103, the target audio file is sent to and third party's interface of speech-recognition services is provided；

After obtaining target audio file, sends it to and third party's interface of speech-recognition services is provided, by third The work of side plug completion speech recognition.

Further, before step 103, can also include:

(1) duration, tone and the volume of the target audio file are extracted；

(2) if the duration, tone or volume do not meet corresponding condition, user is prompted to re-enter voice letter Number；

(3) if the duration, tone and volume meet corresponding condition, 103 are thened follow the steps.

In order to improve the accuracy rate of speech recognition, first certain audio frequency parameters of target audio file can be limited, with Obtain the audio file of high quality.For example, can the parameters such as duration, tone and volume to target audio file limit, If current duration, tone or volume are not met preset condition (for example volume is too small, duration is too short etc.), abandon currently Target audio file prompts user to re-enter voice signal, until obtaining the high quality audio file met the requirements.
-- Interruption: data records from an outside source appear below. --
lemma herm_onb_herm_unit_basis:
  assumes m: "0 < m"
  shows "herm_onb m (herm_unit_basis m)"
  unfolding herm_onb_def
proof (intro conjI allI impI ballI)
  fix k
  show "herm_unit_basis m k \<in> carrier_mat m m"
    unfolding herm_unit_basis_def by simp
  then show "hermitian (herm_unit_basis m k)"
    by (rule hermitianI) (simp add: herm_unit_basis_def herm_unit_cnj)
next
  fix k l assume k: "k < m^2" and l: "l < m^2"
  have "k div m < m" "k mod m < m"
    using k m by (simp_all add: power2_eq_square less_mult_imp_div_less)
  then have "hs_inner m (herm_unit_basis m k) (herm_unit_basis m l) =
      (if k div m = l div m \<and> k mod m = l mod m then of_nat m else 0) / of_nat m"
    by (simp add: hs_inner_entrywise herm_unit_basis_def herm_unit_inner)
  also have "\<dots> = (if k = l then 1 else 0)"
  proof -
    have "(k div m = l div m \<and> k mod m = l mod m) \<longleftrightarrow> k = l"
      by (metis div_mult_mod_eq)
    then show ?thesis
      using m by simp
  qed
  finally show "hs_inner m (herm_unit_basis m k) (herm_unit_basis m l) = (if k = l then 1 else 0)" .
next
  fix X :: "complex mat"
  show "\<exists>c. \<forall>a<m. \<forall>b<m. X $$ (a, b) = (\<Sum>i<m^2. c i * herm_unit_basis m i $$ (a, b))"
    by (intro exI[of _ "\<lambda>k. herm_unit_coeff m X (k div m) (k mod m)"] allI impI herm_unit_basis_span[OF m])
qed

text \<open>A Householder reflection rotates the unit coefficient vector of the identity in the basis
  herm_unit_basis to the first basis vector.\<close>
lemma std_onb_exists:
  assumes m: "0 < m"
  obtains A where "std_onb m A"
proof -
  define u where "u = (\<lambda>k. if k div m = k mod m then 1 / sqrt (real m) else 0)"
  have "(\<Sum>k<m^2. (u k)\<^sup>2) = (\<Sum>a<m. \<Sum>b<m. if b = a then 1 / real m else 0)"
    unfolding sum_lessThan_square_split u_def by (intro sum.cong refl) (auto simp: power_divide)
  then have un: "(\<Sum>k<m^2. (u k)\<^sup>2) = 1"
    using m by simp
  define A where "A = rotate_basis m (householder u) (herm_unit_basis m)"
  have "A 0 = 1\<^sub>m m"
  proof (rule eq_matI)
    fix x y assume "x < dim_row (1\<^sub>m m)" "y < dim_col (1\<^sub>m m)"
    then have x: "x < m" and y: "y < m"
      by auto
    have "A 0 $$ (x, y) = (\<Sum>k<m^2. complex_of_real (u k) * herm_unit m (k div m) (k mod m) x y)"
      unfolding A_def rotate_basis_def herm_unit_basis_def using x y
      by (simp add: householder_col0[OF un])
    also have "\<dots> = (\<Sum>a<m. \<Sum>b<m. complex_of_real (u (a * m + b)) * herm_unit m a b x y)"
      unfolding sum_lessThan_square_split by (intro sum.cong refl) simp
    also have "\<dots> = complex_of_real (u (x * m + y)) * herm_unit m x y x y +
        (if x = y then 0 else complex_of_real (u (y * m + x)) * herm_unit m y x x y)"
      using herm_unit_support by (intro sum_pair_support[OF x y]) fastforce
    also have "\<dots> = 1\<^sub>m m $$ (x, y)"
      using m x y by (simp add: u_def herm_unit_def flip: of_real_mult)
    finally show "A 0 $$ (x, y) = 1\<^sub>m m $$ (x, y)" .
  qed (simp_all add: A_def rotate_basis_def)
  then have "std_onb m A"
    unfolding std_onb_iff A_def
    using herm_onb_rotate_basis[OF herm_onb_herm_unit_basis[OF m] householder_orthogonal[OF un]] by simp
  then show ?thesis ..
qed

section \<open>Real matrices as complex matrices\<close>

definition rmat_to_mat :: "nat \<Rightarrow> rmat \<Rightarrow> complex mat" where
  "rmat_to_mat n A = mat n n (\<lambda>(i, j). complex_of_real (A i j))"

lemma rmat_to_mat_carrier [simp]: "rmat_to_mat n A \<in> carrier_mat n n"
  unfolding rmat_to_mat_def by simp

lemma rmat_to_mat_dim [simp]: "dim_row (rmat_to_mat n A) = n" "dim_col (rmat_to_mat n A) = n"
  unfolding rmat_to_mat_def by simp_all

lemma rmat_to_mat_index [simp]: "i < n \<Longrightarrow> j < n \<Longrightarrow> rmat_to_mat n A $$ (i, j) = complex_of_real (A i j)"
  unfolding rmat_to_mat_def by simp

lemma rmat_to_mat_mult: "rmat_to_mat n (rmat_mult n A B) = rmat_to_mat n A * rmat_to_mat n B"
  unfolding rmat_to_mat_def rmat_mult_def by (rule eq_matI) (simp_all add: scalar_prod_def atLeast0LessThan)

lemma rmat_to_mat_cong: "rmat_eq n A B \<Longrightarrow> rmat_to_mat n A = rmat_to_mat n B"
  unfolding rmat_to_mat_def rmat_eq_def by (rule eq_matI) auto

lemma rmat_to_mat_one: "rmat_to_mat n rmat_one = 1\<^sub>m n"
  unfolding rmat_to_mat_def rmat_diag_def by (rule eq_matI) auto

lemma mat_adjoint_rmat_to_mat: "mat_adjoint (rmat_to_mat n A) = rmat_to_mat n (rmat_transpose A)"
  using mat_adjoint_carrier[OF rmat_to_mat_carrier, of n A]
  by (intro eq_matI) (simp_all add: mat_adjoint_index[OF rmat_to_mat_carrier] rmat_transpose_def)

lemma char_poly_real_gram:
  fixes K V :: rmat
  assumes V: "rmat_orthogonal n V"
    and gram: "rmat_eq n (rmat_mult n (rmat_transpose K) K) (rmat_mult n (rmat_mult n V (rmat_diag d)) (rmat_transpose V))"
  shows "char_poly (mat_adjoint (rmat_to_mat n K) * rmat_to_mat n K) = (\<Prod>x\<leftarrow>map d [0..<n]. [:- complex_of_real x, 1:])"
proof -
  define P where "P = rmat_to_mat n V"
  define Q where "Q = rmat_to_mat n (rmat_transpose V)"
  define D where "D = rmat_to_mat n (rmat_diag d)"
  have "mat_adjoint (rmat_to_mat n K) * rmat_to_mat n K = rmat_to_mat n (rmat_mult n (rmat_transpose K) K)"
    unfolding mat_adjoint_rmat_to_mat rmat_to_mat_mult ..
  also have "\<dots> = P * D * Q"
    unfolding P_def Q_def D_def rmat_to_mat_mult[symmetric] by (rule rmat_to_mat_cong[OF gram])
  finally have CD: "mat_adjoint (rmat_to_mat n K) * rmat_to_mat n K = P * D * Q" .
  have "P * Q = 1\<^sub>m n" "Q * P = 1\<^sub>m n"
    using V unfolding P_def Q_def rmat_orthogonal_def rmat_to_mat_mult[symmetric]
    by (simp_all add: rmat_to_mat_cong[of n _ rmat_one] rmat_to_mat_one)
  moreover have "mat_adjoint (rmat_to_mat n K) * rmat_to_mat n K \<in> carrier_mat n n"
    unfolding mat_adjoint_rmat_to_mat rmat_to_mat_mult[symmetric] by simp
  ultimately have "similar_mat (mat_adjoint (rmat_to_mat n K) * rmat_to_mat n K) D"
    using CD by (intro similar_matI[of _ _ P Q n]) (simp_all add: P_def Q_def D_def)
  then have "char_poly (mat_adjoint (rmat_to_mat n K) * rmat_to_mat n K) = char_poly D"
    by (rule char_poly_similar)
  also have "\<dots> = (\<Prod>x\<leftarrow>diag_mat D. [:- x, 1:])"
    by (rule char_poly_upper_triangular[of _ n]) (auto simp: D_def upper_triangular_def rmat_to_mat_def rmat_diag_def)
  also have "diag_mat D = map (\<lambda>x. complex_of_real x) (map d [0..<n])"
    unfolding diag_mat_def D_def rmat_to_mat_def rmat_diag_def by (auto intro!: map_cong)
  finally show ?thesis
    by (simp add: o_def)
qed

lemma singular_values_of_char_poly:
  assumes C: "C \<in> carrier_mat n n" and nonneg: "\<forall>i. 0 \<le> c i" and sorted: "\<forall>i j. i \<le> j \<and> j < n \<longrightarrow> c j \<le> c i"
    and cp: "char_poly (mat_adjoint C * C) = (\<Prod>x\<leftarrow>map c [0..<n]. [:- complex_of_real (x\<^sup>2), 1:])"
  shows "singular_values C (map c [0..<n])"
  unfolding singular_values_def using C nonneg sorted cp by (auto simp: sorted_wrt_iff_nth_less)

section \<open>The correlation matrix of a noisy maximally entangled state\<close>

text \<open>tr((X \<otimes> Y) psi) in coordinates, which makes sense (and is bilinear) for arbitrary X, Y.\<close>
definition kron_expval :: "nat \<Rightarrow> complex mat \<Rightarrow> complex mat \<Rightarrow> complex mat \<Rightarrow> complex" where
  "kron_expval m \<psi> X Y =
     (\<Sum>x<m * m. \<Sum>y<m * m. X $$ (x div m, y div m) * Y $$ (x mod m, y mod m) * \<psi> $$ (y, x))"

lemma div_mod_less_of_less_mult:
  fixes x m :: nat
  assumes "x < m * m"
  shows "x div m < m" and "x mod m < m"
  using assms by (simp_all add: less_mult_imp_div_less) (cases "m = 0"; simp)

lemma mtrace_kron_mult:
  assumes X: "X \<in> carrier_mat m m" and Y: "Y \<in> carrier_mat m m" and \<psi>: "\<psi> \<in> carrier_mat (m * m) (m * m)"
  shows "mtrace (kron X Y * \<psi>) = kron_expval m \<psi> X Y"
  unfolding mtrace_def kron_expval_def using X Y \<psi>
  by (intro sum.cong) (auto simp: scalar_prod_def atLeast0LessThan kron_def div_mod_less_of_less_mult)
Further, whether the duration, tone or volume, which meet corresponding condition, can pass through following steps Determine:

If the duration is less than preset long recording time lower limit, determine that the duration does not meet corresponding condition；

If the tone is more than preset range of pitch section, determine that the tone does not meet corresponding condition；

If the volume is less than preset volume floor, determine that the volume does not meet corresponding condition.

It is arranged in this way, all satisfactory target audio file of long recording time, tone and volume can be obtained, effectively Improve the accuracy rate of subsequent speech recognition.

104, from the speech recognition result of target audio file described in third party's interface.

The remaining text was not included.